What is a Reasonable International Allocation?

Vanguard tested the diversification impact of various combinations of US and non-US investments over time. The research showed that the maximum historical diversification benefit would have been achieved by allocating 30% to 40% non-US, achieving a net reduction in volatility of 71 basis points. Allocating 20% to non-US would have captured 60 basis points, or about 85% of the maximum possible benefit.

The optimization analysis is instructive, but is backward looking and not a guarantee of future results. Results can vary based on the time periods under review. For example, recent performance of international stocks has been lackluster and has not reduced volatility at any allocation. This is reflective of higher average correlations among global equity markets. Whether this will persist is debatable.

Considering the evidence, Vanguard adopted a long-term commitment to the increased international allocation, albeit less than the market proportions, creating enhanced opportunity to participate in whichever regional market is outperforming.

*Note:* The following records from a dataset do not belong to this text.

text \<open>Covers in \<open>hausdorff_pre\<close> are sequences. A family of finite levels \<open>V N\<close> becomes one by
  enumerating the pairs \<open>(N, j)\<close>; indices beyond \<open>card (V N)\<close> get all-\<open>False\<close> strings so
  long that their total weight is below any given \<open>e\<close>.\<close>

lemma hausdorff_pre_le_levels:
  fixes V :: "nat \<Rightarrow> bool list set"
  assumes "0 < t" and fin: "\<And>N. finite (V N)" and len: "\<And>N v. v \<in> V N \<Longrightarrow> n \<le> length v"
    and cover: "\<Gamma> \<subseteq> (\<Union>N. \<Union>v\<in>V N. cyl v)"
  shows "hausdorff_pre t n \<Gamma> \<le> (\<Sum>N. \<Sum>v\<in>V N. ennreal (2 powr (- t * real (length v))))"
proof (rule ennreal_le_epsilon)
  fix e :: real
  assume "0 < e"
  obtain M where M: "(1/2) ^ M < e / 2"
    using real_arch_pow_inv[of "e / 2" "1/2"] \<open>0 < e\<close> by auto
  obtain h where h: "\<And>N. bij_betw (h N) {..<card (V N)} (V N)"
    using ex_bij_betw_nat_finite[OF fin] by (metis atLeast0LessThan)
  define g where "g w = ennreal (2 powr (- t * real (length w)))" for w :: "bool list"
  define pad where "pad k = replicate (n + nat \<lceil>real (k + M) / t\<rceil>) False" for k
  define W where "W k = (case prod_decode k of (N, j) \<Rightarrow> if j < card (V N) then h N j else pad k)" for k
  define listed where "listed k = (case prod_decode k of (N, j) \<Rightarrow> if j < card (V N) then g (h N j) else 0)"
    for k
  have "n \<le> length (W k)" for k
    using len bij_betw_apply[OF h] by (auto simp: W_def pad_def split: prod.split)
  moreover have "\<Gamma> \<subseteq> (\<Union>k. cyl (W k))"
  proof
    fix X
    assume "X \<in> \<Gamma>"
    then obtain N v where "v \<in> V N" "X \<in> cyl v"
      using cover by blast
    then obtain j where "j < card (V N)" "h N j = v"
      using h[of N] by (metis bij_betw_iff_bijections lessThan_iff)
    with \<open>X \<in> cyl v\<close> have "X \<in> cyl (W (prod_encode (N, j)))"
      by (simp add: W_def)
    then show "X \<in> (\<Union>k. cyl (W k))"
      by blast
  qed
  ultimately have "hausdorff_pre t n \<Gamma> \<le> (\<Sum>k. g (W k))"
    unfolding hausdorff_pre_def g_def by (intro INF_lower) auto
  also have "\<dots> \<le> (\<Sum>k. listed k + ennreal ((1/2) ^ (k + M)))"
  proof (intro suminf_le summableI)
    fix k
    have "real (k + M) / t \<le> real (length (pad k))"
      using real_nat_ceiling_ge[of "real (k + M) / t"] by (simp add: pad_def)
    then have "g (pad k) \<le> ennreal ((1/2) ^ (k + M))"
      unfolding g_def using \<open>0 < t\<close> by (intro ennreal_leI two_powr_neg_le_half_power)
    then show "g (W k) \<le> listed k + ennreal ((1/2) ^ (k + M))"
      by (auto simp: W_def listed_def add_increasing split: prod.split)
  qed
  also have "\<dots> = (\<Sum>k. listed k) + (\<Sum>k. ennreal ((1/2) ^ (k + M)))"
    by (rule suminf_add[symmetric]) (auto intro: summableI)
  also have "(\<Sum>k. listed k) = (\<Sum>N. \<Sum>v\<in>V N. g v)"
    unfolding listed_def by (rule suminf_enumerated_levels[OF h])
  also have "(\<Sum>k. ennreal ((1/2) ^ (k + M))) = ennreal ((1/2) ^ M / (1 - 1/2))"
    by (rule suminf_ennreal_geometric) simp_all
  also have "\<dots> \<le> ennreal e"
    using M by (intro ennreal_leI) simp
  finally show "hausdorff_pre t n \<Gamma> \<le> (\<Sum>N. \<Sum>v\<in>V N. ennreal (2 powr (- t * real (length v)))) + ennreal e"
    by (simp add: g_def add_mono)
qed
lemma rel_interior_add_lin_dir:
  fixes A :: "'a::euclidean_space set"
  assumes a: "a \<in> rel_interior A" and v: "v \<in> lin_dir A"
  obtains \<delta> where "\<delta> > 0" "\<And>t. \<bar>t\<bar> < \<delta> \<Longrightarrow> a + t *\<^sub>R v \<in> A"
proof -
  obtain \<epsilon> where \<epsilon>: "\<epsilon> > 0" "ball a \<epsilon> \<inter> affine hull A \<subseteq> A"
    using a mem_rel_interior_ball by blast
  obtain u w where v: "v = u - w" and u: "u \<in> affine hull A" and w: "w \<in> affine hull A"
    using v unfolding lin_dir_def by blast
  have "a \<in> A" using a rel_interior_subset by blast
  then have "a \<in> affine hull A" by (rule hull_inc)
  from mem_affine_3_minus[OF affine_affine_hull this u w]
  have hull: "a + t *\<^sub>R v \<in> affine hull A" for t
    by (simp add: v)
  show ?thesis
  proof
    show "\<epsilon> / (norm v + 1) > 0" using \<epsilon>(1) by (simp add: add_nonneg_pos)
    fix t assume "\<bar>t\<bar> < \<epsilon> / (norm v + 1)"
    then have "\<bar>t\<bar> * (norm v + 1) < \<epsilon>" by (simp add: pos_less_divide_eq add_nonneg_pos)
    moreover have "norm (t *\<^sub>R v) \<le> \<bar>t\<bar> * (norm v + 1)"
      by (simp add: mult_left_mono)
    ultimately have "norm (t *\<^sub>R v) < \<epsilon>" by linarith
    then have "a + t *\<^sub>R v \<in> ball a \<epsilon>" by (simp add: dist_norm)
    then show "a + t *\<^sub>R v \<in> A" using \<epsilon>(2) hull by blast
  qed
qed

lemma path_len_norm:
  "path_len k \<phi> x y q = (\<Sum>i=1..k. norm (seg_end k y q i - seg_start \<phi> x q i))"
  by (simp add: path_len_def dist_norm norm_minus_commute)

lemma seg_dir_eq_sgn:
  "seg_dir k \<phi> x y q i = sgn (seg_end k y q i - seg_start \<phi> x q i)"
  by (simp add: seg_dir_def sgn_div_norm divide_inverse)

Are US Based Multinationals Enough?

Some argue that owning US based multinationals provides adequate international exposure. This perspective has merit, but fails to capture many leading international companies, such as Samsung, Toyota and Nestle and emerging companies in other regions. In addition, a portfolio of solely US-domiciled firms is likely to have less industry diversification and misses the impact of local currency exposure, which can help reduce correlations.

Bottom Line

If you’re invested in Ohio 529 Plan Vanguard’s Age-Based or Risk-Based Portfolios, stay the course. We will be monitoring results. For all investors, it is important to invest globally based on evidence that US-based investors reap long-term benefits from controlled investment allocations outside of our own borders. We cannot predict returns, but it seems reasonable to anticipate that returns for US and international markets will differ and offer diversification benefits.

For investors in the Illinois Bright Start Savings Plan, Vanguard has not made these changes to their Age Based Index Portfolios. We will actively be watching this and other plans for any changes.